• **Prompt**: Below are the records; collect from them each line containing the string "auto".

• **Supplied material**:
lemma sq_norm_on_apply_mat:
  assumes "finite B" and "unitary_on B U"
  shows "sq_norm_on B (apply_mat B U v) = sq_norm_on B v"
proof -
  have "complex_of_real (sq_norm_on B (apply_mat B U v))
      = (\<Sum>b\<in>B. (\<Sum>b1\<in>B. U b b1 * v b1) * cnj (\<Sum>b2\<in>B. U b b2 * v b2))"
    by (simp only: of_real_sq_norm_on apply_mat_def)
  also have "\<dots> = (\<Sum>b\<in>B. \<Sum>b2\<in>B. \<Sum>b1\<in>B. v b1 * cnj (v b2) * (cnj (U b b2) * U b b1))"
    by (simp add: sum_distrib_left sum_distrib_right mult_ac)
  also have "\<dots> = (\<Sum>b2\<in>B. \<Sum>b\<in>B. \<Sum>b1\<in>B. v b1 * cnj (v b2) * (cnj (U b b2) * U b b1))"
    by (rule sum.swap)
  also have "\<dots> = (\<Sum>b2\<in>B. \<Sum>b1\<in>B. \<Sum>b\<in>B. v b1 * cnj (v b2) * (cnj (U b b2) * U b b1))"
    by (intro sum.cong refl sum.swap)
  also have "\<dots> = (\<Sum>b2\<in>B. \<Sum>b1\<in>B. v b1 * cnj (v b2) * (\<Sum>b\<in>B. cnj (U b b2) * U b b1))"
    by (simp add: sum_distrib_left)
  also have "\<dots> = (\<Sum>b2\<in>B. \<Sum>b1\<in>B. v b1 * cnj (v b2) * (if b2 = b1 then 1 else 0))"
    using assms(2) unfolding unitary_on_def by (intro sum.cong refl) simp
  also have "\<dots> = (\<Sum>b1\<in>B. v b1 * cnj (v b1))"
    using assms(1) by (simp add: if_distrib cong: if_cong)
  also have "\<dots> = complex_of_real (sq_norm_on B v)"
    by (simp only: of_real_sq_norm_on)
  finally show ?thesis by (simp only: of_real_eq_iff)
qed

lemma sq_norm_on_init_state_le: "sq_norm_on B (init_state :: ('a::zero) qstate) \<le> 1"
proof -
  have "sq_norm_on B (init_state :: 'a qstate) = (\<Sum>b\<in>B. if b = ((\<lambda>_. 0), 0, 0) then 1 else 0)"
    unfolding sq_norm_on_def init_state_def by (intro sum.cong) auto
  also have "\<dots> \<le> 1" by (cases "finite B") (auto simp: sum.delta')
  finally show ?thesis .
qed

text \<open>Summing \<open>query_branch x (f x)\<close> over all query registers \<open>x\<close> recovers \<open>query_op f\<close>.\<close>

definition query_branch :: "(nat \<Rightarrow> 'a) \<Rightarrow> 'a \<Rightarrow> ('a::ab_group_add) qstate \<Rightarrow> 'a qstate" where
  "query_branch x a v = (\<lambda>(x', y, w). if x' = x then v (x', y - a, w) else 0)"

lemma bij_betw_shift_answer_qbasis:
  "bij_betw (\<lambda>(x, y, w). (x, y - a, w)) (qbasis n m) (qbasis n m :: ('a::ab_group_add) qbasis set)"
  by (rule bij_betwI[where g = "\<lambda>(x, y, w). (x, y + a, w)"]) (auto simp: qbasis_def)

---

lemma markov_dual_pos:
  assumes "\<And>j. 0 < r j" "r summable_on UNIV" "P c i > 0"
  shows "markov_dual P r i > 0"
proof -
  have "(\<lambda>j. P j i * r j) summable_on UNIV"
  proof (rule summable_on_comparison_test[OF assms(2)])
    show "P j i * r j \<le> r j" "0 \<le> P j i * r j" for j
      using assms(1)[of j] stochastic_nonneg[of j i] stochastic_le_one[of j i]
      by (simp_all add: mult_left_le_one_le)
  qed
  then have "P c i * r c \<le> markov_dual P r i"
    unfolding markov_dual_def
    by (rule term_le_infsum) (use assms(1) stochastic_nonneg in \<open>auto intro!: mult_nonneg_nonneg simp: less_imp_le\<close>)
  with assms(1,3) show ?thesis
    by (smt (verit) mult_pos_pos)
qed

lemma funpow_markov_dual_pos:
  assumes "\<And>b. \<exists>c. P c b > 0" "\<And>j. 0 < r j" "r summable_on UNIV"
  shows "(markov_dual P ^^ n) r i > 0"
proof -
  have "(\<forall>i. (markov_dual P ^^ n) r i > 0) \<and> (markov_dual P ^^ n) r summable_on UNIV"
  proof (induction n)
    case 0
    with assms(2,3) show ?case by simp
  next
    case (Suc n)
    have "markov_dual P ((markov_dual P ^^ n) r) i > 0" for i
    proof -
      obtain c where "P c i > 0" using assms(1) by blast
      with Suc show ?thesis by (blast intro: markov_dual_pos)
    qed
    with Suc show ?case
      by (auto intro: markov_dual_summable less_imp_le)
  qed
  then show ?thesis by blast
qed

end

==

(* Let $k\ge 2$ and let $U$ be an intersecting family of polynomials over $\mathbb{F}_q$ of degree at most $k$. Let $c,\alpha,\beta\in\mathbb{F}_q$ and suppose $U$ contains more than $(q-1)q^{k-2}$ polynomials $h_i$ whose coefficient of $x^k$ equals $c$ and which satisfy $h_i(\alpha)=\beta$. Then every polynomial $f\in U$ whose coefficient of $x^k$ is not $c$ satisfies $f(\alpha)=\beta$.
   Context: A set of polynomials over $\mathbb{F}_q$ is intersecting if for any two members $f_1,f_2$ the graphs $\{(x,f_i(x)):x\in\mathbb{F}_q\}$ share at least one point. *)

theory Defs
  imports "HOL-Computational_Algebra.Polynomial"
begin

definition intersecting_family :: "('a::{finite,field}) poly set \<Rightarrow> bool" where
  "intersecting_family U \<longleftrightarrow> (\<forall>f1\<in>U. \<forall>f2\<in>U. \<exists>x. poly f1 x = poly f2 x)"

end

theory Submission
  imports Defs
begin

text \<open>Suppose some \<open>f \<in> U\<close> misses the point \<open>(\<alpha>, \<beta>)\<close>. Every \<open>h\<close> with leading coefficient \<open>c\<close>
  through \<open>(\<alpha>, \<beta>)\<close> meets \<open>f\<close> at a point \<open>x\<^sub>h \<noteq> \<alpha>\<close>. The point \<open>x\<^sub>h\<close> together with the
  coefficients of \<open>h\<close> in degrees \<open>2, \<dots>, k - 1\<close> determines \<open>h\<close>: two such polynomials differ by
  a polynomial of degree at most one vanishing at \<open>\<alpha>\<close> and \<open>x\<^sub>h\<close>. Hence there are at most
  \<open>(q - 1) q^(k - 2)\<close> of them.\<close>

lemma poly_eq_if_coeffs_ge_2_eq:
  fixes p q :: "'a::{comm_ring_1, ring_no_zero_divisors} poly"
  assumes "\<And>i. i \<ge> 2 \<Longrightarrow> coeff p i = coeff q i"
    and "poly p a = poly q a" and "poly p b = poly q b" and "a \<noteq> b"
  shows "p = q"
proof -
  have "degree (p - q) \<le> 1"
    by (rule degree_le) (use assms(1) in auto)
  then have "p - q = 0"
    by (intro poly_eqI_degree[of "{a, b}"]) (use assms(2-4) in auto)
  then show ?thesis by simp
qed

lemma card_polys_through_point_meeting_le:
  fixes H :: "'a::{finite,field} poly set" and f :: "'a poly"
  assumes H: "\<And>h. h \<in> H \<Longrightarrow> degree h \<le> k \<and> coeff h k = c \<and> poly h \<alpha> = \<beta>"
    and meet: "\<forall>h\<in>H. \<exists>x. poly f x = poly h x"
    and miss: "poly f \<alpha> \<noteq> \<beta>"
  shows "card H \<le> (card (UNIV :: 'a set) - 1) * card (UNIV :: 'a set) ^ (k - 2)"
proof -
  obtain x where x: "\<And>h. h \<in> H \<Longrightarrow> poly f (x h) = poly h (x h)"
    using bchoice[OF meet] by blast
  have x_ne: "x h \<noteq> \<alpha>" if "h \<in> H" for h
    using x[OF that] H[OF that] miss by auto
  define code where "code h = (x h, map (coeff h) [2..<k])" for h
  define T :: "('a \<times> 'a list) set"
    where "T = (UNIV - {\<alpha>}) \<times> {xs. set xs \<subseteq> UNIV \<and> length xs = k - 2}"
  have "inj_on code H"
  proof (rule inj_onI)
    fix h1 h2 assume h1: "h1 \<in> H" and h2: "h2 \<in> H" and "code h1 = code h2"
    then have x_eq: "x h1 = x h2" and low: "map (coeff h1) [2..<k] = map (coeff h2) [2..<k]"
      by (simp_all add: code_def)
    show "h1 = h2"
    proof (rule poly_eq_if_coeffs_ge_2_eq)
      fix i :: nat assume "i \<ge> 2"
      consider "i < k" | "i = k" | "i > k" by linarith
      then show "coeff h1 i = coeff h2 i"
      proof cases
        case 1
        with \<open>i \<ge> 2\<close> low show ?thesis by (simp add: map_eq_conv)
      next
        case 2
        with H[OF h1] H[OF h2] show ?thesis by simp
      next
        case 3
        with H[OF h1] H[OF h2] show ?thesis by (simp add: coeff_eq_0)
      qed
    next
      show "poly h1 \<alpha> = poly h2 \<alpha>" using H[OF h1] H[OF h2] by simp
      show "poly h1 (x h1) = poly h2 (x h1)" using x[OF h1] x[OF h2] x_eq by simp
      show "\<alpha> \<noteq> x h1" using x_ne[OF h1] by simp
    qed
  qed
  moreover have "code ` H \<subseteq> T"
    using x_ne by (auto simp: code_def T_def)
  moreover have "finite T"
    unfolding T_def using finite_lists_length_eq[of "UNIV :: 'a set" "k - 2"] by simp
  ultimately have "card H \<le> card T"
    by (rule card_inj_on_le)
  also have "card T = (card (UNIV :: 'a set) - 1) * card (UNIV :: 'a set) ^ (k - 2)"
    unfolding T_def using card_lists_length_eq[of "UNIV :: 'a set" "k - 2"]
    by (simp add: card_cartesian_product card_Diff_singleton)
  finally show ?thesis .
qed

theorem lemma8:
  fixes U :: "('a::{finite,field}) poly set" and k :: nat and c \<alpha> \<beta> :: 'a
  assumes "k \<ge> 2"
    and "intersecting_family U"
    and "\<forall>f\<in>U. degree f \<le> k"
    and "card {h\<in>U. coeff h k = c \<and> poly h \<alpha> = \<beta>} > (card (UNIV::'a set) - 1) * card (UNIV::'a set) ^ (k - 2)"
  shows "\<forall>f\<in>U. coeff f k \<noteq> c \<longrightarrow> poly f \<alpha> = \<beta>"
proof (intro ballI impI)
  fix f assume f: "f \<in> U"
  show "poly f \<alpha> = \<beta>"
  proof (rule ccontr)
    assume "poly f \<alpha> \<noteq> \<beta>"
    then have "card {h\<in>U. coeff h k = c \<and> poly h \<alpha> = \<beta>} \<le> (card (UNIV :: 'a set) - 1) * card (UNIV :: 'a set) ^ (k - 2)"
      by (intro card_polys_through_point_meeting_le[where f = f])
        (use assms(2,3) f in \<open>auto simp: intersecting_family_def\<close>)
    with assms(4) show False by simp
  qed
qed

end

• **The completed task**:
    unfolding sq_norm_on_def init_state_def by (intro sum.cong) auto
  also have "\<dots> \<le> 1" by (cases "finite B") (auto simp: sum.delta')
  by (rule bij_betwI[where g = "\<lambda>(x, y, w). (x, y + a, w)"]) (auto simp: qbasis_def)
    by (rule term_le_infsum) (use assms(1) stochastic_nonneg in \<open>auto intro!: mult_nonneg_nonneg simp: less_imp_le\<close>)
      by (auto intro: markov_dual_summable less_imp_le)
    by (rule degree_le) (use assms(1) in auto)
    by (intro poly_eqI_degree[of "{a, b}"]) (use assms(2-4) in auto)
    using x[OF that] H[OF that] miss by auto
    using x_ne by (auto simp: code_def T_def)
        (use assms(2,3) f in \<open>auto simp: intersecting_family_def\<close>)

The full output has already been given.